[Saved data entries]
======

lemma proj_tensor_comult_right:
  assumes f: "f \<in> arr C"
  shows "proj_tensor C (ell C f) 0 (comult C (bv f :: _ \<Rightarrow> 'k::{monoid_mult, mult_zero})) = tensor (bv f) (bv (idn C (tgt C f)))"
proof (rule ext, clarify)
  fix a b
  show "proj_tensor C (ell C f) 0 (comult C (bv f :: _ \<Rightarrow> 'k)) (a, b) = tensor (bv f) (bv (idn C (tgt C f))) (a, b)"
    using decompositions_ell_right_0_iff[OF f, of a b] decompositions_arr[of a b C f]
    unfolding proj_tensor_def comult_bv tensor_bv by auto
qed

end

theorem proposition6p3:
  fixes C :: "('o, 'a) category"
  assumes "mobius_category C"
  shows
    "(\<forall>f\<in>arr C. finite (length ` factorizations C f) \<and> factorizations C f \<noteq> {})
   \<and> (\<Union>n. filt C n) = (incidence_space C :: ('a \<Rightarrow> 'k::field) set)
   \<and> (\<forall>n. (filt C n :: ('a \<Rightarrow> 'k) set) \<subseteq> filt C (Suc n))
   \<and> (\<forall>v\<in>incidence_space C. (comult C (v :: 'a \<Rightarrow> 'k)) \<in> tensor_space C)
   \<and> (\<forall>n. \<forall>v\<in>filt C n. (comult C (v :: 'a \<Rightarrow> 'k)) \<in> filt_tensor C n)
   \<and> (\<forall>n\<ge>1. (grad C n :: ('a \<Rightarrow> 'k) set) \<subseteq> filt C n
        \<and> (filt C (n - 1) :: ('a \<Rightarrow> 'k) set) \<subseteq> filt C n
        \<and> (filt C (n - 1) \<inter> grad C n :: ('a \<Rightarrow> 'k) set) = {\<lambda>_. 0}
        \<and> (\<forall>v\<in>(filt C n :: ('a \<Rightarrow> 'k) set). \<exists>u\<in>filt C (n - 1). \<exists>w\<in>grad C n. v = (\<lambda>g. u g + w g))
        \<and> (\<forall>w\<in>(grad C n :: ('a \<Rightarrow> 'k) set). counit C w = 0))
   \<and> (filt C 0 :: ('a \<Rightarrow> 'k) set) = span_arrows C (ids C)
   \<and> (grad C 0 :: ('a \<Rightarrow> 'k) set) = filt C 0
   \<and> (\<forall>x\<in>obj C. (bv (idn C x) :: 'a \<Rightarrow> 'k) \<noteq> (\<lambda>_. 0)
        \<and> comult C (bv (idn C x) :: 'a \<Rightarrow> 'k) = tensor (bv (idn C x)) (bv (idn C x)))
   \<and> (\<forall>f\<in>arr C.
        proj_tensor C 0 (ell C f) (comult C (bv f :: 'a \<Rightarrow> 'k)) = tensor (bv (idn C (src C f))) (bv f)
      \<and> proj_tensor C (ell C f) 0 (comult C (bv f :: 'a \<Rightarrow> 'k)) = tensor (bv f) (bv (idn C (tgt C f))))"
proof -
  interpret mobius_cat C
    using assms by (rule mobius_catI)
  have layer: "(grad C n :: ('a \<Rightarrow> 'k) set) \<subseteq> filt C n
        \<and> (filt C (n - 1) :: ('a \<Rightarrow> 'k) set) \<subseteq> filt C n
        \<and> (filt C (n - 1) \<inter> grad C n :: ('a \<Rightarrow> 'k) set) = {\<lambda>_. 0}
        \<and> (\<forall>v\<in>(filt C n :: ('a \<Rightarrow> 'k) set). \<exists>u\<in>filt C (n - 1). \<exists>w\<in>grad C n. v = (\<lambda>g. u g + w g))
        \<and> (\<forall>w\<in>(grad C n :: ('a \<Rightarrow> 'k) set). counit C w = 0)" if "1 \<le> n" for n
  proof -
    obtain m where n: "n = Suc m" using \<open>1 \<le> n\<close> by (cases n) auto
    show ?thesis
      unfolding n
      by (intro conjI ballI grad_subset_filt filt_mono filt_inter_grad counit_grad)
        (auto dest: filt_Suc_decompose)
  qed
  show ?thesis
    using layer
    by (intro conjI ballI allI impI finite_factorizations factorizations_nonempty finite_imageI
        Union_filt filt_mono comult_in_tensor_space comult_filt filt_0 grad_0 bv_nonzero comult_idn
        proj_tensor_comult_left proj_tensor_comult_right) simp_all
qed
lemma pcm_entry_eq_ml_coeff:
  fixes f :: "('v, 'a::field) mpoly"
  assumes fin: "finite P" "finite Q" and disj: "P \<inter> Q = {}"
  shows "pcm_entry f P Q = ml_coeff f (P \<union> Q)"
proof -
  define A where "A = P \<union> Q"
  have finA: "finite A"
    unfolding A_def using fin by simp
  have lookup_ml_poly_mult: "Poly_Mapping.lookup (ml_poly A * G) \<nu> =
      (if mdvd (ml_mono A) \<nu> then Poly_Mapping.lookup G (\<nu> - ml_mono A) else 0)" for G :: "('v, 'a) mpoly" and \<nu>
    unfolding ml_poly_def by (subst mult.commute) (simp add: lookup_mult_single)
  let ?rem_ok = "\<lambda>R :: ('v, 'a) mpoly. \<forall>\<mu>\<in>Poly_Mapping.keys R.
      \<not> (mdvd (ml_mono A) \<mu> \<and> Poly_Mapping.keys \<mu> \<subseteq> A)"
  have "pcm_entry f P Q = (THE G. vars G \<subseteq> A \<and> (\<exists>R. f = ml_poly A * G + R \<and> ?rem_ok R))"
    unfolding pcm_entry_def ml_poly_mult_disjoint[OF fin disj] A_def ..
  also have "\<dots> = ml_coeff f A"
  proof (rule the_equality)
    show "vars (ml_coeff f A) \<subseteq> A \<and> (\<exists>R. f = ml_poly A * ml_coeff f A + R \<and> ?rem_ok R)"
    proof (intro conjI exI)
      show "vars (ml_coeff f A) \<subseteq> A"
        unfolding vars_subset_iff by (metis in_keys_iff lookup_ml_coeff)
      show "f = ml_poly A * ml_coeff f A + (f - ml_poly A * ml_coeff f A)"
        by simp
      show "?rem_ok (f - ml_poly A * ml_coeff f A)"
      proof (intro ballI notI)
        fix \<mu> assume \<mu>: "\<mu> \<in> Poly_Mapping.keys (f - ml_poly A * ml_coeff f A)"
          and divisible: "mdvd (ml_mono A) \<mu> \<and> Poly_Mapping.keys \<mu> \<subseteq> A"
        then obtain \<kappa> where \<kappa>: "\<mu> = \<kappa> + ml_mono A"
          by (auto simp: mdvd_iff_add)
        then have "Poly_Mapping.keys \<kappa> \<subseteq> A"
          using divisible by (auto simp: in_keys_iff lookup_add)
        then show False
          using \<mu> \<kappa> by (simp add: in_keys_iff lookup_minus lookup_ml_poly_mult lookup_ml_coeff mdvd_iff_add)
      qed
    qed
  next
    fix G assume "vars G \<subseteq> A \<and> (\<exists>R. f = ml_poly A * G + R \<and> ?rem_ok R)"
    then obtain R where G: "vars G \<subseteq> A" and f: "f = ml_poly A * G + R" and R: "?rem_ok R"
      by blast
    show "G = ml_coeff f A"
    proof (rule poly_mapping_eqI)
      fix \<nu>
      show "Poly_Mapping.lookup G \<nu> = Poly_Mapping.lookup (ml_coeff f A) \<nu>"
      proof (cases "Poly_Mapping.keys \<nu> \<subseteq> A")
        case True
        then have "Poly_Mapping.keys (\<nu> + ml_mono A) \<subseteq> A"
          using keys_add[of \<nu> "ml_mono A"] keys_ml_mono[OF finA] by auto
        then have "Poly_Mapping.lookup R (\<nu> + ml_mono A) = 0"
          using R by (auto simp: in_keys_iff mdvd_iff_add)
        then show ?thesis
          using True by (simp add: f lookup_add lookup_ml_poly_mult lookup_ml_coeff mdvd_iff_add)
      next
        case False
        then show ?thesis
          using G by (auto simp: vars_subset_iff in_keys_iff lookup_ml_coeff)
      qed
    qed
  qed
  finally show ?thesis
    unfolding A_def .
qed

definition var_mono :: "'v \<Rightarrow> 'v \<Rightarrow>\<^sub>0 nat" where
  "var_mono v = Poly_Mapping.single v 1"

lemma lookup_var_mono [simp]: "Poly_Mapping.lookup (var_mono v) w = (if w = v then 1 else 0)"
  by (simp add: var_mono_def lookup_single)

lemma keys_var_mono [simp]: "Poly_Mapping.keys (var_mono v) = {v}"
  by (simp add: var_mono_def)

lemma var_mono_eq_iff [simp]: "var_mono v = var_mono w \<longleftrightarrow> v = w"
  by (metis lookup_var_mono one_neq_zero)

definition mono_eval :: "('v \<Rightarrow> 'a::comm_semiring_1) \<Rightarrow> ('v \<Rightarrow>\<^sub>0 nat) \<Rightarrow> 'a" where
  "mono_eval S \<mu> = (\<Prod>v\<in>Poly_Mapping.keys \<mu>. S v ^ Poly_Mapping.lookup \<mu> v)"

lemma mono_eval_eq_prod_superset:
  "finite K \<Longrightarrow> Poly_Mapping.keys \<mu> \<subseteq> K \<Longrightarrow> mono_eval S \<mu> = (\<Prod>v\<in>K. S v ^ Poly_Mapping.lookup \<mu> v)"
  unfolding mono_eval_def by (rule prod.mono_neutral_left) (auto simp: in_keys_iff)

lemma mono_eval_add: "mono_eval S (\<mu> + \<nu>) = mono_eval S \<mu> * mono_eval S \<nu>"
proof -
  define K where "K = Poly_Mapping.keys \<mu> \<union> Poly_Mapping.keys \<nu>"
  have K: "finite K" "Poly_Mapping.keys (\<mu> + \<nu>) \<subseteq> K"
      and keys: "Poly_Mapping.keys \<mu> \<subseteq> K" "Poly_Mapping.keys \<nu> \<subseteq> K"
    unfolding K_def using keys_add[of \<mu> \<nu>] by auto
  have "mono_eval S (\<mu> + \<nu>) = (\<Prod>v\<in>K. S v ^ Poly_Mapping.lookup (\<mu> + \<nu>) v)"
    by (rule mono_eval_eq_prod_superset[OF K])
  also have "\<dots> = (\<Prod>v\<in>K. S v ^ Poly_Mapping.lookup \<mu> v) * (\<Prod>v\<in>K. S v ^ Poly_Mapping.lookup \<nu> v)"
    by (simp add: lookup_add power_add prod.distrib)
  also have "\<dots> = mono_eval S \<mu> * mono_eval S \<nu>"
    by (simp only: mono_eval_eq_prod_superset[OF K(1) keys(1)] mono_eval_eq_prod_superset[OF K(1) keys(2)])
  finally show ?thesis .
qed

lemma mono_eval_zero [simp]: "mono_eval S 0 = 1"
  by (simp add: mono_eval_def)

lemma mono_eval_var_mono [simp]: "mono_eval S (var_mono v) = S v"
  by (simp add: mono_eval_def)

lemma peval_eq_sum_superset:
  "finite K \<Longrightarrow> Poly_Mapping.keys p \<subseteq> K \<Longrightarrow>
    peval S p = (\<Sum>\<mu>\<in>K. Poly_Mapping.lookup p \<mu> * mono_eval S \<mu>)"
  unfolding peval_def mono_eval_def by (rule sum.mono_neutral_left) (auto simp: in_keys_iff)

lemma peval_add: "peval S (p + q) = peval S p + peval S q"
proof -
  define K where "K = Poly_Mapping.keys p \<union> Poly_Mapping.keys q"
  have K: "finite K" "Poly_Mapping.keys (p + q) \<subseteq> K"
      and keys: "Poly_Mapping.keys p \<subseteq> K" "Poly_Mapping.keys q \<subseteq> K"
    unfolding K_def using keys_add[of p q] by auto
  have "peval S (p + q) = (\<Sum>\<mu>\<in>K. Poly_Mapping.lookup (p + q) \<mu> * mono_eval S \<mu>)"
    by (rule peval_eq_sum_superset[OF K])
  also have "\<dots> = (\<Sum>\<mu>\<in>K. Poly_Mapping.lookup p \<mu> * mono_eval S \<mu>) + (\<Sum>\<mu>\<in>K. Poly_Mapping.lookup q \<mu> * mono_eval S \<mu>)"
    by (simp add: lookup_add distrib_right sum.distrib)
  also have "\<dots> = peval S p + peval S q"
    by (simp only: peval_eq_sum_superset[OF K(1) keys(1)] peval_eq_sum_superset[OF K(1) keys(2)])
  finally show ?thesis .
qed

lemma peval_zero [simp]: "peval S 0 = 0"
  by (simp add: peval_def)

lemma peval_sum: "peval S (\<Sum>i\<in>I. h i) = (\<Sum>i\<in>I. peval S (h i))"
  by (induction I rule: infinite_finite_induct) (simp_all add: peval_add)

lemma peval_mult_single: "peval S (p * Poly_Mapping.single \<mu> c) = peval S p * (c * mono_eval S \<mu>)"
proof -
  define K where "K = (\<lambda>\<kappa>. \<kappa> + \<mu>) ` Poly_Mapping.keys p"
  have "Poly_Mapping.keys (p * Poly_Mapping.single \<mu> c) \<subseteq> K"
    unfolding K_def
    by (fastforce simp: in_keys_iff lookup_mult_single mdvd_iff_add split: if_splits)
  then have "peval S (p * Poly_Mapping.single \<mu> c) =
      (\<Sum>\<nu>\<in>K. Poly_Mapping.lookup (p * Poly_Mapping.single \<mu> c) \<nu> * mono_eval S \<nu>)"
    by (intro peval_eq_sum_superset) (simp_all add: K_def)
  also have "\<dots> = (\<Sum>\<kappa>\<in>Poly_Mapping.keys p. Poly_Mapping.lookup p \<kappa> * c * (mono_eval S \<kappa> * mono_eval S \<mu>))"
    unfolding K_def
    by (subst sum.reindex) (auto simp: inj_on_def lookup_mult_single mdvd_iff_add mono_eval_add)
  also have "\<dots> = peval S p * (c * mono_eval S \<mu>)"
    by (simp add: peval_eq_sum_superset[of "Poly_Mapping.keys p"] sum_distrib_left ac_simps)
  finally show ?thesis .
qed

======

__What to do__
Return every line of the preceding records in which the word "forall" appears.

__Written answer__
    "(\<forall>f\<in>arr C. finite (length ` factorizations C f) \<and> factorizations C f \<noteq> {})
   \<and> (\<forall>n. (filt C n :: ('a \<Rightarrow> 'k) set) \<subseteq> filt C (Suc n))
   \<and> (\<forall>v\<in>incidence_space C. (comult C (v :: 'a \<Rightarrow> 'k)) \<in> tensor_space C)
   \<and> (\<forall>n. \<forall>v\<in>filt C n. (comult C (v :: 'a \<Rightarrow> 'k)) \<in> filt_tensor C n)
   \<and> (\<forall>n\<ge>1. (grad C n :: ('a \<Rightarrow> 'k) set) \<subseteq> filt C n
        \<and> (\<forall>v\<in>(filt C n :: ('a \<Rightarrow> 'k) set). \<exists>u\<in>filt C (n - 1). \<exists>w\<in>grad C n. v = (\<lambda>g. u g + w g))
        \<and> (\<forall>w\<in>(grad C n :: ('a \<Rightarrow> 'k) set). counit C w = 0))
   \<and> (\<forall>x\<in>obj C. (bv (idn C x) :: 'a \<Rightarrow> 'k) \<noteq> (\<lambda>_. 0)
   \<and> (\<forall>f\<in>arr C.
        \<and> (\<forall>v\<in>(filt C n :: ('a \<Rightarrow> 'k) set). \<exists>u\<in>filt C (n - 1). \<exists>w\<in>grad C n. v = (\<lambda>g. u g + w g))
        \<and> (\<forall>w\<in>(grad C n :: ('a \<Rightarrow> 'k) set). counit C w = 0)" if "1 \<le> n" for n
  let ?rem_ok = "\<lambda>R :: ('v, 'a) mpoly. \<forall>\<mu>\<in>Poly_Mapping.keys R.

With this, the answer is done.